§ **Your goal**
Read through the listing, and wherever a line holds the word "blast", return it.

Data extract: Begin

lemma Gcd_M'_EE_dvd_mu:
  assumes vd: "valid_data r n l d" and j: "\<forall>i\<le>r. 1 \<le> j i \<and> j i \<le> n i"
  shows "Gcd (M'_set EE r n l d) dvd mu r l d j"
proof -
  let ?g = "Gcd (M'_set EE r n l d)"
  let ?J = "\<lambda>m i. if i < m then j i else n i"
  have r: "1 \<le> r" and n: "\<forall>i\<le>r. 1 \<le> n i" using vd unfolding valid_data_def by auto
  have "?g dvd mu r l d (?J m)" for m
  proof (induction m)
    case 0
    then show ?case using Gcd_M'_EE_dvd_mu_hat by simp
  next
    case (Suc m)
    show ?case
    proof (cases "m \<le> r")
      case False
      then have "mu r l d (?J (Suc m)) = mu r l d (?J m)" by (intro mu_cong) auto
      then show ?thesis using Suc.IH by simp
    next
      case m: True
      obtain u v where uv: "u * l m (n m) + v * d m (n m) = 1"
        using valid_data_bezout[OF vd m] by blast
      have nu: "?g dvd nu_hat n l d m (j m) * (\<Prod>i'\<in>{0..r} - {m, i}. l i' (?J m i'))"
        if "i \<le> r" "i \<noteq> m" for i
      proof -
        have "(\<Prod>i'\<in>{0..r} - {m, i}. l i' (?J (Suc m) i')) = (\<Prod>i'\<in>{0..r} - {m, i}. l i' (?J m i'))"
          by (rule prod.cong) auto
        then show ?thesis
          using Gcd_M'_EE_dvd_nu[OF m that(1) that(2)[symmetric], of "?J (Suc m)" n l d] j n by auto
      qed
      have "?J (Suc m) = (?J m)(m := j m)" by auto
      then show ?thesis using dvd_mu_update[OF r m _ uv Suc.IH nu] by simp
    qed
  qed
  moreover have "mu r l d (?J (Suc r)) = mu r l d j" by (rule mu_cong) auto
  ultimately show ?thesis by metis
qed

lemma Gcd_M'_dvd_prod:
  assumes "t \<noteq> EE" "i1 \<le> r" "\<forall>i\<in>{0..r} - {i1}. 1 \<le> j i \<and> j i \<le> n i"
  shows "Gcd (M'_set t r n l d) dvd (\<Prod>i\<in>{0..r} - {i1}. l i (j i))"
proof -
  have "(\<Prod>i\<in>{0..r} - {i1}. l i (j i)) \<in> M'_set t r n l d"
    unfolding M'_set_def using assms by auto
  then show ?thesis by (rule Gcd_dvd)
qed

lemma mu_reindex:
  assumes "bij_betw k {0..<Suc r} {0..r}"
  shows "(\<Sum>b<Suc r. d (k b) (J (k b)) * prod_others r (\<lambda>c. l (k c) (J (k c))) b) = mu r l d J"
proof -
  have "(\<Sum>b<Suc r. d (k b) (J (k b)) * prod_others r (\<lambda>c. l (k c) (J (k c))) b) =
      (\<Sum>b\<in>{0..<Suc r}. d (k b) (J (k b)) * (\<Prod>i\<in>{0..r} - {k b}. l i (J i)))"
    by (intro sum.cong) (auto simp: prod_others_reindex[OF assms, of _ "\<lambda>i. l i (J i)"])
  also have "\<dots> = mu r l d J"
    unfolding mu_def by (rule sum.reindex_bij_betw[OF assms])
  finally show ?thesis .
qed

lemma det_col_mat_mu:
  assumes "bij_betw k {0..<Suc r} {0..r}"
  shows "det (col_mat r k (\<lambda>b. l (k b) (J (k b))) (\<lambda>b. d (k b) (J (k b)))) = unit_cofactor r k r * mu r l d J"
  by (simp only: det_col_mat_bij[OF assms] mu_reindex[OF assms])

lemma Gcd_M'_EE_dvd_det_inj:
  assumes vd: "valid_data r n l d"
    and k: "inj_on k {0..<Suc r}" "k ` {0..<Suc r} \<subseteq> {0..r}"
    and jf: "\<And>b. b < Suc r \<Longrightarrow> 1 \<le> jf b \<and> jf b \<le> n (k b)"
  shows "Gcd (M'_set EE r n l d) dvd det (col_mat r k (\<lambda>b. l (k b) (jf b)) (\<lambda>b. d (k b) (jf b)))"
proof -
  have "k ` {0..<Suc r} = {0..r}"
    using k by (intro card_subset_eq) (auto simp: card_image)
  with k(1) have bij: "bij_betw k {0..<Suc r} {0..r}" by (simp add: bij_betw_def)
  obtain J where J: "\<And>b. b \<in> {0..<Suc r} \<Longrightarrow> jf b = J (k b)"
    and J_range: "\<And>i. i \<in> k ` {0..<Suc r} \<Longrightarrow> 1 \<le> J i \<and> J i \<le> n i"
    using obtain_block_index[OF k(1), of "\<lambda>i j. 1 \<le> j \<and> j \<le> n i"] jf by auto
  have "col_mat r k (\<lambda>b. l (k b) (jf b)) (\<lambda>b. d (k b) (jf b)) =
      col_mat r k (\<lambda>b. l (k b) (J (k b))) (\<lambda>b. d (k b) (J (k b)))"
    by (rule eq_matI) (auto simp: col_mat_def J)
  then have "det (col_mat r k (\<lambda>b. l (k b) (jf b)) (\<lambda>b. d (k b) (jf b))) = unit_cofactor r k r * mu r l d J"
    by (simp only: det_col_mat_mu[OF bij])
  moreover have "Gcd (M'_set EE r n l d) dvd mu r l d J"
    by (rule Gcd_M'_EE_dvd_mu[OF vd]) (use J_range \<open>k ` {0..<Suc r} = {0..r}\<close> in auto)
  ultimately show ?thesis by simp
qed
lemma romp_identify_exists: "\<exists>J. romp_identify n (u :: real^'d) J"
proof (cases "card (supp u) \<le> n")
  case True
  then show ?thesis unfolding romp_identify_def by auto
next
  case False
  define F where "F = {J :: 'd set. card J = n}"
  define g where "g J = (\<Sum>i\<in>J. \<bar>u $ i\<bar>)" for J
  have "n \<le> card (UNIV :: 'd set)" using False card_mono[of UNIV "supp u"] by auto
  then obtain J1 :: "'d set" where "card J1 = n" using obtain_subset_with_card_n by metis
  then have "F \<noteq> {}" unfolding F_def by auto
  then have "Max (g ` F) \<in> g ` F" by (intro Max_in) auto
  then obtain J where J: "J \<in> F" "g J = Max (g ` F)" by auto
  have "\<bar>u $ j\<bar> \<le> \<bar>u $ i\<bar>" if "i \<in> J" "j \<notin> J" for i j
  proof -
    define K where "K = insert j (J - {i})"
    have "card J = n" "0 < n" using J(1) that unfolding F_def by (auto simp: card_gt_0_iff)
    then have "K \<in> F" using that unfolding K_def F_def by (simp add: card_Diff_singleton)
    then have "g K \<le> g J" unfolding J(2) by (intro Max_ge) auto
    moreover have "g K = \<bar>u $ j\<bar> + g (J - {i})" "g J = \<bar>u $ i\<bar> + g (J - {i})"
      unfolding K_def g_def using that by (simp_all add: sum.remove)
    ultimately show ?thesis by linarith
  qed
  then show ?thesis using J(1) False unfolding romp_identify_def F_def by auto
qed

lemma romp_regularize_exists: "\<exists>J0. romp_regularize (u :: real^'d) J J0"
proof -
  define C where "C = {K. K \<subseteq> J \<and> comparable u K}"
  define g where "g K = norm (restrict_vec u K)" for K
  have "{} \<in> C" unfolding C_def comparable_def by auto
  then have "Max (g ` C) \<in> g ` C" by (intro Max_in) auto
  then obtain J0 where J0: "J0 \<in> C" "g J0 = Max (g ` C)" by auto
  have "g K \<le> g J0" if "K \<in> C" for K unfolding J0(2) using that by (intro Max_ge) auto
  then show ?thesis using J0(1) unfolding romp_regularize_def C_def g_def by blast
qed

lemma energy_le_romp_regularize:
  "romp_regularize u J J0 \<Longrightarrow> K \<subseteq> J \<Longrightarrow> comparable u K \<Longrightarrow> energy u K \<le> energy u J0"
  unfolding romp_regularize_def by (simp flip: norm_restrict_vec_le_iff)
lemma Rmax_formula_one_heavy:
  assumes "theta_star \<le> \<theta>"
  shows "Rmax_formula \<theta> = 1 - root 3 (worst_ratio \<theta>) / 4"
proof (cases "3 \<le> \<theta>")
  case True
  then have "worst_ratio \<theta> = 27 * (1 + 3/\<theta>)"
    using worst_ratio_eq_one_heavy_cap[OF assms] by (cases "\<theta> = 3") (simp_all add: one_heavy_cap_def field_simps)
  then have "root 3 (worst_ratio \<theta>) = 3 * root 3 (1 + 3/\<theta>)"
    by (simp only: real_root_mult root_3_cubes)
  then show ?thesis
    using True by (simp add: Rmax_formula_def)
next
  case False
  have "worst_ratio \<theta> = (\<theta> + 3) * (9 - \<theta>)^2 / 4"
    using False worst_ratio_eq_one_heavy_cap[OF assms] by (simp add: one_heavy_cap_def)
  also have "\<dots> = 1/8 * (2 * (\<theta> + 3) * (9 - \<theta>)^2)"
    by simp
  finally show ?thesis
    using False assms by (simp only: Rmax_formula_def real_root_mult root_3_cubes) simp
qed

lemma Rmax_formula_two_heavy:
  assumes "1 \<le> \<theta>" "\<theta> < theta_star"
  shows "Rmax_formula \<theta> = 1 - root 3 (worst_ratio \<theta>) / 4"
proof (cases "\<theta> = 1")
  case True
  then have "worst_ratio \<theta> = 64"
    using worst_ratio_eq_two_heavy_cap[of 1] theta_star_root(1) by (simp add: two_heavy_cap_def)
  then show ?thesis
    using True theta_star_root(1) by (simp add: Rmax_formula_def root_3_cubes)
next
  case False
  define \<rho> where "\<rho> = sqrt (\<theta>^2 - \<theta> + 1)"
  have "worst_ratio \<theta>
      = 216 * ((\<theta> + 1) * (\<theta> - 1)^2 / ((2*\<theta> - 1 - \<rho>) * (\<theta> - 2 + \<rho>) * (\<theta> + 1 + \<rho>)))"
    using False assms worst_ratio_eq_two_heavy_cap[of \<theta>] two_heavy_cap_eq_rho[of \<theta>]
    unfolding \<rho>_def by simp
  then have "root 3 (worst_ratio \<theta>)
      = 6 * root 3 ((\<theta> + 1) * (\<theta> - 1)^2 / ((2*\<theta> - 1 - \<rho>) * (\<theta> - 2 + \<rho>) * (\<theta> + 1 + \<rho>)))"
    by (simp only: real_root_mult root_3_cubes)
  then show ?thesis
    using False assms theta_star_root(2) by (simp add: Rmax_formula_def Let_def \<rho>_def)
qed

section \<open>Efficiency loss of the uniform design\<close>

lemma SUP_Lv_bounds:
  assumes "0 < K" "\<And>p. p \<in> simplex4 \<Longrightarrow> K * Lv v p \<le> S" "p0 \<in> simplex4"
  shows "Lv v p0 \<le> (SUP p\<in>simplex4. Lv v p)" "(SUP p\<in>simplex4. Lv v p) \<le> S / K"
proof -
  have bound: "Lv v p \<le> S / K" if "p \<in> simplex4" for p
    using assms(1) assms(2)[OF that] by (simp add: le_divide_eq mult.commute)
  show "Lv v p0 \<le> (SUP p\<in>simplex4. Lv v p)"
    using bound assms(3) by (intro cSUP_upper bdd_aboveI2) auto
  show "(SUP p\<in>simplex4. Lv v p) \<le> S / K"
    using bound assms(3) by (intro cSUP_least) auto
qed

lemma uniform_in_simplex4: "(1/4, 1/4, 1/4, 1/4) \<in> simplex4"
  by (simp add: simplex4_def)

lemma Ru_le_of_bound:
  fixes w1 w2 w3 w4 :: real
  defines "S \<equiv> 1/w1 + 1/w2 + 1/w3 + 1/w4"
  assumes "0 < w1" "0 < w2" "0 < w3" "0 < w4" "0 < K"
    and bound: "\<And>p. p \<in> simplex4 \<Longrightarrow> K * Lv (1/w1, 1/w2, 1/w3, 1/w4) p \<le> S"
  shows "Ru (w1, w2, w3, w4) \<le> 1 - root 3 K / 4"
proof -
  define M where "M = (SUP p\<in>simplex4. Lv (1/w1, 1/w2, 1/w3, 1/w4) p)"
  have "S / 64 \<le> M" "M \<le> S / K"
    using SUP_Lv_bounds[OF \<open>0 < K\<close> bound uniform_in_simplex4]
    unfolding M_def S_def by (simp_all add: Lv_def)
  moreover have "0 < S"
    unfolding S_def using assms(2-5) by (intro add_pos_pos) auto
  ultimately have "K \<le> S / M"
    using \<open>0 < K\<close> by (simp add: field_simps)
  then show ?thesis
    unfolding Ru_def M_def S_def Let_def by simp
qed

lemma Ru_eq_of_attained:
  fixes w1 w2 w3 w4 :: real
  defines "S \<equiv> 1/w1 + 1/w2 + 1/w3 + 1/w4"
  assumes "0 < w1" "0 < w2" "0 < w3" "0 < w4" "0 < K"
    and bound: "\<And>p. p \<in> simplex4 \<Longrightarrow> K * Lv (1/w1, 1/w2, 1/w3, 1/w4) p \<le> S"
    and "p1 \<in> simplex4" "K * Lv (1/w1, 1/w2, 1/w3, 1/w4) p1 = S"
  shows "Ru (w1, w2, w3, w4) = 1 - root 3 K / 4"
proof -
  define M where "M = (SUP p\<in>simplex4. Lv (1/w1, 1/w2, 1/w3, 1/w4) p)"
  have "Lv (1/w1, 1/w2, 1/w3, 1/w4) p1 \<le> M" "M \<le> S / K"
    using SUP_Lv_bounds[OF \<open>0 < K\<close> bound \<open>p1 \<in> simplex4\<close>] unfolding M_def by simp_all
  moreover have "Lv (1/w1, 1/w2, 1/w3, 1/w4) p1 = S / K"
    using assms(6,9) by (simp add: field_simps)
  ultimately have "M = S / K"
    by simp
  moreover have "0 < S"
    unfolding S_def using assms(2-5) by (intro add_pos_pos) auto
  ultimately have "S / M = K"
    using \<open>0 < K\<close> by simp
  then show ?thesis
    unfolding Ru_def M_def S_def Let_def by simp
qed

lemma Ru_le_on_box:
  assumes "0 < \<alpha>" "\<alpha> \<le> \<beta>" "w \<in> box4 \<alpha> \<beta>"
  shows "Ru w \<le> 1 - root 3 (worst_ratio (\<beta>/\<alpha>)) / 4"
proof -
  obtain w1 w2 w3 w4 where w: "w = (w1, w2, w3, w4)"
    by (cases w) auto
  have inv: "1/x \<in> {1/\<beta>..(\<beta>/\<alpha>) * (1/\<beta>)}" if "x \<in> {\<alpha>..\<beta>}" for x
    using that assms(1,2) by (auto simp: field_simps)
  have wb: "w1 \<in> {\<alpha>..\<beta>}" "w2 \<in> {\<alpha>..\<beta>}" "w3 \<in> {\<alpha>..\<beta>}" "w4 \<in> {\<alpha>..\<beta>}"
    using assms(3) unfolding w box4_def by auto
  have "1 \<le> \<beta>/\<alpha>" "0 < 1/\<beta>"
    using assms(1,2) by simp_all
  then show ?thesis
    unfolding w
  proof (intro Ru_le_of_bound worst_ratio_pos)
    fix p assume "p \<in> simplex4"
    show "worst_ratio (\<beta>/\<alpha>) * Lv (1/w1, 1/w2, 1/w3, 1/w4) p \<le> 1/w1 + 1/w2 + 1/w3 + 1/w4"
      by (rule worst_ratio_box_le[OF \<open>1 \<le> \<beta>/\<alpha>\<close> \<open>0 < 1/\<beta>\<close> \<open>p \<in> simplex4\<close>])
        (use inv wb in blast)+
  qed (use assms(1) wb in auto)
qed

Data extract: End

§ **Solution below**
        using valid_data_bezout[OF vd m] by blast
  then show ?thesis using J0(1) unfolding romp_regularize_def C_def g_def by blast
        (use inv wb in blast)+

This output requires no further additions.